TASK PROMPT. Among the entries below, find the lines holding "inner" and copy them.

--- DATA FOR THE TASK ---

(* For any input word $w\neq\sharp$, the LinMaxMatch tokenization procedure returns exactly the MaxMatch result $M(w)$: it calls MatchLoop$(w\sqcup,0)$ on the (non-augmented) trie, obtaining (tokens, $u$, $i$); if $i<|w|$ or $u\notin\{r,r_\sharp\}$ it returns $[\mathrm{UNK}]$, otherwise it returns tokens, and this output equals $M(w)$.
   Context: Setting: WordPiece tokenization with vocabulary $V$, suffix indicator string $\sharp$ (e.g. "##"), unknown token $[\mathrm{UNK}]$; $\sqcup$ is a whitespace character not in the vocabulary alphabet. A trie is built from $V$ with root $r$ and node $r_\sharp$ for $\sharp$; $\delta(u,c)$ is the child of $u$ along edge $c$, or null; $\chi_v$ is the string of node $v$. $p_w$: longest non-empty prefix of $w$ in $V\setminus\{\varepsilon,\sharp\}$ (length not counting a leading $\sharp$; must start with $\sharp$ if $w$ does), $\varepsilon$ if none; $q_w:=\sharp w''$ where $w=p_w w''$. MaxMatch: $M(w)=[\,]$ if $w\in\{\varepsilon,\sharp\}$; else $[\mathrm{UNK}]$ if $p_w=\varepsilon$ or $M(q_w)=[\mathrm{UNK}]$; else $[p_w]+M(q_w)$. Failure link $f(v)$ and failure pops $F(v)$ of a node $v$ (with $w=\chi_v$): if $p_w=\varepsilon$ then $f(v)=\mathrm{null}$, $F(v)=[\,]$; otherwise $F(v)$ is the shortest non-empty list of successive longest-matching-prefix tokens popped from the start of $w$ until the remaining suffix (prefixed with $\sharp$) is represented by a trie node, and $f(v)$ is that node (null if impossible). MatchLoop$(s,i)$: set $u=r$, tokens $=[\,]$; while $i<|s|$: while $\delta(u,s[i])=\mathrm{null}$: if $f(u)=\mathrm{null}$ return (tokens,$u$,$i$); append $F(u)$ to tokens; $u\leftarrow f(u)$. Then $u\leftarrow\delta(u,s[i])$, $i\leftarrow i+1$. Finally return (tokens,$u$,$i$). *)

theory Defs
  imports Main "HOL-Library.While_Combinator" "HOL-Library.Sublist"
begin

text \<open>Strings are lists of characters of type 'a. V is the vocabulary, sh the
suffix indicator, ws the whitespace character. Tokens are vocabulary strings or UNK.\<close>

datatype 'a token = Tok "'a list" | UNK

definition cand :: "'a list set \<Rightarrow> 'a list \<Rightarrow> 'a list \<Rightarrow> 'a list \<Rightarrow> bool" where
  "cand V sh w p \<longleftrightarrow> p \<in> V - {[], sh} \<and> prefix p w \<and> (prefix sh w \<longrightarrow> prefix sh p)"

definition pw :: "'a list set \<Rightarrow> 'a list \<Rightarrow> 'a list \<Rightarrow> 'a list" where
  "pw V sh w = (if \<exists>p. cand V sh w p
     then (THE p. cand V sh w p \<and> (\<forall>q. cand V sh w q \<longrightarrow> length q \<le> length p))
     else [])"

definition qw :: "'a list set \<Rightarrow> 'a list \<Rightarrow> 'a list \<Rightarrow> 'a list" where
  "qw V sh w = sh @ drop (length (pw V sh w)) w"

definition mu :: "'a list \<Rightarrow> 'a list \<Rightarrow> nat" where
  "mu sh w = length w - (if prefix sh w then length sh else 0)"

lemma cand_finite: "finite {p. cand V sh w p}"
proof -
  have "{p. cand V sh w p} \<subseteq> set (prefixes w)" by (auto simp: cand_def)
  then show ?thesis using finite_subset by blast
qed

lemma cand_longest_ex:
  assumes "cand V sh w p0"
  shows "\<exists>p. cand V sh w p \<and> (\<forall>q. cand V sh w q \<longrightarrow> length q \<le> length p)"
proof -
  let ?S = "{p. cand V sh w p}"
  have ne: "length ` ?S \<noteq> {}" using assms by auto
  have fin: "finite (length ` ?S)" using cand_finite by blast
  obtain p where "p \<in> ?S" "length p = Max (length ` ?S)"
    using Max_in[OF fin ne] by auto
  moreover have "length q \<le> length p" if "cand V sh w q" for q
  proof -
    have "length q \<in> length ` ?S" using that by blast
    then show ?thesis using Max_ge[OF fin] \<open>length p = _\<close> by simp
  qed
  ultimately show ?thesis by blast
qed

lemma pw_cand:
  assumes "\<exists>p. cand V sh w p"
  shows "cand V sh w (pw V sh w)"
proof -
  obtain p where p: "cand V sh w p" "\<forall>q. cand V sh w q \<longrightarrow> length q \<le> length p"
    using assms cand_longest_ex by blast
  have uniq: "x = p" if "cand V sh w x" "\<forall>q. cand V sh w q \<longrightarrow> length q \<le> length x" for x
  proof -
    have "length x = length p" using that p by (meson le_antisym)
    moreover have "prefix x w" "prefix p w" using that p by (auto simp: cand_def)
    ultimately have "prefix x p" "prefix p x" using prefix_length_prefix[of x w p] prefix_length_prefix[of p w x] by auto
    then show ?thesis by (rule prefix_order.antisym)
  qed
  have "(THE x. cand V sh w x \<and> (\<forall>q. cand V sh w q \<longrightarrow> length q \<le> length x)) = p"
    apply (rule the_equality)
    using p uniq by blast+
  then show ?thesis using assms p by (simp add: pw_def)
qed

---
--- DATA FOR THE TASK ---

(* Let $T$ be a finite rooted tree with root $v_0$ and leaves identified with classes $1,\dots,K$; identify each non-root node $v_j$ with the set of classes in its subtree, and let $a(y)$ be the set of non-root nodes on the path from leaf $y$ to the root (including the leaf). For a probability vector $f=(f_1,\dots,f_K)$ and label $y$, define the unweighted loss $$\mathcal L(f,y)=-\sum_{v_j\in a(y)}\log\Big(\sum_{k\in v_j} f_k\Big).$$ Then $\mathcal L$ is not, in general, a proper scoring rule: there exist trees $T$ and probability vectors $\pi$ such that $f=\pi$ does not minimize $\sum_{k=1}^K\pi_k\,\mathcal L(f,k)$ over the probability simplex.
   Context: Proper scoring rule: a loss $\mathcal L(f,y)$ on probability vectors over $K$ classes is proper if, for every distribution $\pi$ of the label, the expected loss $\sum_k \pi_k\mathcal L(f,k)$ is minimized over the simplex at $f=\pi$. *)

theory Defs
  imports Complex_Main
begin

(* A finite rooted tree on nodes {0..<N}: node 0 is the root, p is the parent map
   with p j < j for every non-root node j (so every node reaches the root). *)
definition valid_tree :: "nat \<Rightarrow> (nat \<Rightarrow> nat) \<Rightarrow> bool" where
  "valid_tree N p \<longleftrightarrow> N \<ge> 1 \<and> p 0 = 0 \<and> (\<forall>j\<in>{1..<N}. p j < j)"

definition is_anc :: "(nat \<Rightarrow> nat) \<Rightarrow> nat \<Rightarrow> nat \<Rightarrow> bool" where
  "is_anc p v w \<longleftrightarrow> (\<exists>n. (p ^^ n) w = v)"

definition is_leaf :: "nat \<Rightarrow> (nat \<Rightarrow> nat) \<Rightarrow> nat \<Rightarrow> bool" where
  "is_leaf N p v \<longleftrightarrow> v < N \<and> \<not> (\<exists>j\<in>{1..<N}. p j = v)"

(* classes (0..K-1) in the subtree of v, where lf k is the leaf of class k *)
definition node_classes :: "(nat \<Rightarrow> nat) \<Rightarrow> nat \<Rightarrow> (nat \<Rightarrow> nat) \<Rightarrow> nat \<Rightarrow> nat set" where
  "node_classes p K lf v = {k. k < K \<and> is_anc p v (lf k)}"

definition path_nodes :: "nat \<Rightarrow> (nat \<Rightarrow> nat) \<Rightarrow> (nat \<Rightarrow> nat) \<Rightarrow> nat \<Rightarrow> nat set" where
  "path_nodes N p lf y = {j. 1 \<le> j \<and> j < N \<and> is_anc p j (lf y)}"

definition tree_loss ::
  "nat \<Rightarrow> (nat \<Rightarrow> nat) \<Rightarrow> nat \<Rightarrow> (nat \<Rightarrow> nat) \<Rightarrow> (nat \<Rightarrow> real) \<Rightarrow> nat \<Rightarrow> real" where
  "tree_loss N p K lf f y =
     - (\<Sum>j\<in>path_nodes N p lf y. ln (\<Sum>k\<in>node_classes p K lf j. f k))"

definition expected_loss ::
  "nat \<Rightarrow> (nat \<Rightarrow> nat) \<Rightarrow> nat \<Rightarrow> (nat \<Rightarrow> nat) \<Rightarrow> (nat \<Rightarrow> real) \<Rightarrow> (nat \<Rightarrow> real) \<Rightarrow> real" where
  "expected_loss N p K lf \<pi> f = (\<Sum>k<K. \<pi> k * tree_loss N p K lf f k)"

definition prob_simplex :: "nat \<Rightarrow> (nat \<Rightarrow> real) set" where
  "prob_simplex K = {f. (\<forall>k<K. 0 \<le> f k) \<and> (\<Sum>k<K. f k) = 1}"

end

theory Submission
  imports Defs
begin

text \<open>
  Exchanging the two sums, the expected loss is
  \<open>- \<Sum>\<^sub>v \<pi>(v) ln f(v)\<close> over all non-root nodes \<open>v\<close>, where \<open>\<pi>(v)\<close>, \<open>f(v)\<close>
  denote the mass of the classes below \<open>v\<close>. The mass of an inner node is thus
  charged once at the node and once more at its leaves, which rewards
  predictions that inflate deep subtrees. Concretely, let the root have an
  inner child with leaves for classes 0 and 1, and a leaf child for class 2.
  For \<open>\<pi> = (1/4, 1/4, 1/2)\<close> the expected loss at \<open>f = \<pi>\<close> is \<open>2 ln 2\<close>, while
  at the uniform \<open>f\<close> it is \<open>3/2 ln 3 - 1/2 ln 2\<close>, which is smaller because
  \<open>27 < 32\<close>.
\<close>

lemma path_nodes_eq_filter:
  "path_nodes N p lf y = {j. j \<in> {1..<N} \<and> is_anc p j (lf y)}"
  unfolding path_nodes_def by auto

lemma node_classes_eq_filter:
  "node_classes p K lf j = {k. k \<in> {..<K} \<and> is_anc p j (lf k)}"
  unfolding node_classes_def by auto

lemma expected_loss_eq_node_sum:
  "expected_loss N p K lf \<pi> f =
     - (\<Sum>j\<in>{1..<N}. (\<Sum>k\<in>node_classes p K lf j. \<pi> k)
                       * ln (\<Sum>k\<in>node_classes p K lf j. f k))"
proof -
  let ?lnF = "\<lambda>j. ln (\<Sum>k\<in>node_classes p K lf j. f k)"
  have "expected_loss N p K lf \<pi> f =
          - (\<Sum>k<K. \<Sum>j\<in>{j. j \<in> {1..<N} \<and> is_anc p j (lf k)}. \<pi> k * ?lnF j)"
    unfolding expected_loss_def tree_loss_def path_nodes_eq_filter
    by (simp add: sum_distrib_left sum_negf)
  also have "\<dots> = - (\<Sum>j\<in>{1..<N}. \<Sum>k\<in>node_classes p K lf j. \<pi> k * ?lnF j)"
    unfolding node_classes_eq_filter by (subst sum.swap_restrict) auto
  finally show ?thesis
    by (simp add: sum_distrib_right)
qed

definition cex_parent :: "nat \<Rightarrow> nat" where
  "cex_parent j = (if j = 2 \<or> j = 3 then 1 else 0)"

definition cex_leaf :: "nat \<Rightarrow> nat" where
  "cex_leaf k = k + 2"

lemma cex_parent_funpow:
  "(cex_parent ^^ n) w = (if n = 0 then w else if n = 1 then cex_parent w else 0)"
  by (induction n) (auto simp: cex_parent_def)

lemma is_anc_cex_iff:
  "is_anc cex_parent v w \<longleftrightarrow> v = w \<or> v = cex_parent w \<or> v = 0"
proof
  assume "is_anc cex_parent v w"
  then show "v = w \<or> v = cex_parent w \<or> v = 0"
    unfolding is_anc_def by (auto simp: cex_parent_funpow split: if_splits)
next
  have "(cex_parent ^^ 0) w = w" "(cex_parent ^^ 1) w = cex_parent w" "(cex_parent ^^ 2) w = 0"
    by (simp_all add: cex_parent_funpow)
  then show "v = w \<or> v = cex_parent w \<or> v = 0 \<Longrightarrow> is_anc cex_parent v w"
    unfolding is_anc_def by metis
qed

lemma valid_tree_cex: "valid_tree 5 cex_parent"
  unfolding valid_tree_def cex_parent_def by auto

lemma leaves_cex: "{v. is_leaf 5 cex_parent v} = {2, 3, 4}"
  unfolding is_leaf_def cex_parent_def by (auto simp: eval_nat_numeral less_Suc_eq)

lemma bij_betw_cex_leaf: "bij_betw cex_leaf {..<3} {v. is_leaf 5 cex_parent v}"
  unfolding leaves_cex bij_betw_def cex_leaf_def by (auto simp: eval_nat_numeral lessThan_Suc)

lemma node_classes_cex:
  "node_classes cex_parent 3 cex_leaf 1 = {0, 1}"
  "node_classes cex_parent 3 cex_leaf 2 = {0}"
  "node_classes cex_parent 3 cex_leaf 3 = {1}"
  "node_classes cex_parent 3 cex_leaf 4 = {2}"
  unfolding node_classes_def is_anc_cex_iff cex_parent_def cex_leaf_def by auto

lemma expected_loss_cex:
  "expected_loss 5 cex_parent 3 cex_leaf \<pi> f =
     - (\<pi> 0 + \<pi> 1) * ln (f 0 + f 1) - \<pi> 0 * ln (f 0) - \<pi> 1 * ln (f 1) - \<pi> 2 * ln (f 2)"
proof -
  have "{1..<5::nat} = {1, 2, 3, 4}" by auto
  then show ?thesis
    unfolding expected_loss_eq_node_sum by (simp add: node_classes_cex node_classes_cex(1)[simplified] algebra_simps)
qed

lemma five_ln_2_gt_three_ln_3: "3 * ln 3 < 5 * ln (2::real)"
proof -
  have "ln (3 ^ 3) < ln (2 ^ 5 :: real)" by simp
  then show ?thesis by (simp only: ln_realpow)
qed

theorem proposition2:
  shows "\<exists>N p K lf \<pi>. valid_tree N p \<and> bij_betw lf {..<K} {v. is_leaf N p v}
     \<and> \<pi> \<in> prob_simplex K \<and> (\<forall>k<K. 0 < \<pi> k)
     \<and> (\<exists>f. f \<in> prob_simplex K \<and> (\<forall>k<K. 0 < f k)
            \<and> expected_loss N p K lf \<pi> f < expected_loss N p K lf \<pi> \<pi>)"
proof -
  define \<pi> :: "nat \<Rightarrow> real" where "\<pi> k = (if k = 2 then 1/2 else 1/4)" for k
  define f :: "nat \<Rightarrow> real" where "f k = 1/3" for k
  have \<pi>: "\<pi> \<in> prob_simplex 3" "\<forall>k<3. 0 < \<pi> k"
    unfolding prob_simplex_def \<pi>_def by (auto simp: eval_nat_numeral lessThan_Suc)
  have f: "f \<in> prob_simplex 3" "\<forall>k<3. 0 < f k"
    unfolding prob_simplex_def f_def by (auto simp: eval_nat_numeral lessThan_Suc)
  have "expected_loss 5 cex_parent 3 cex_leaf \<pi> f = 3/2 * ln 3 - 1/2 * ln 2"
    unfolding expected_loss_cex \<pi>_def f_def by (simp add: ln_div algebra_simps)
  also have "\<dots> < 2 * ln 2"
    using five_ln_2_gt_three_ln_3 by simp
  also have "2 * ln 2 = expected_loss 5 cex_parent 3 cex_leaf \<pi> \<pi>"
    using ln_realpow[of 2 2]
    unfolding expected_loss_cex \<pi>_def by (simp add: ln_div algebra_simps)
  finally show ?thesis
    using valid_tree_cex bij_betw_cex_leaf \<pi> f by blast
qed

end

---

SOLUTION FOR THIS EXERCISE.
  denote the mass of the classes below \<open>v\<close>. The mass of an inner node is thus
  inner child with leaves for classes 0 and 1, and a leaf child for class 2.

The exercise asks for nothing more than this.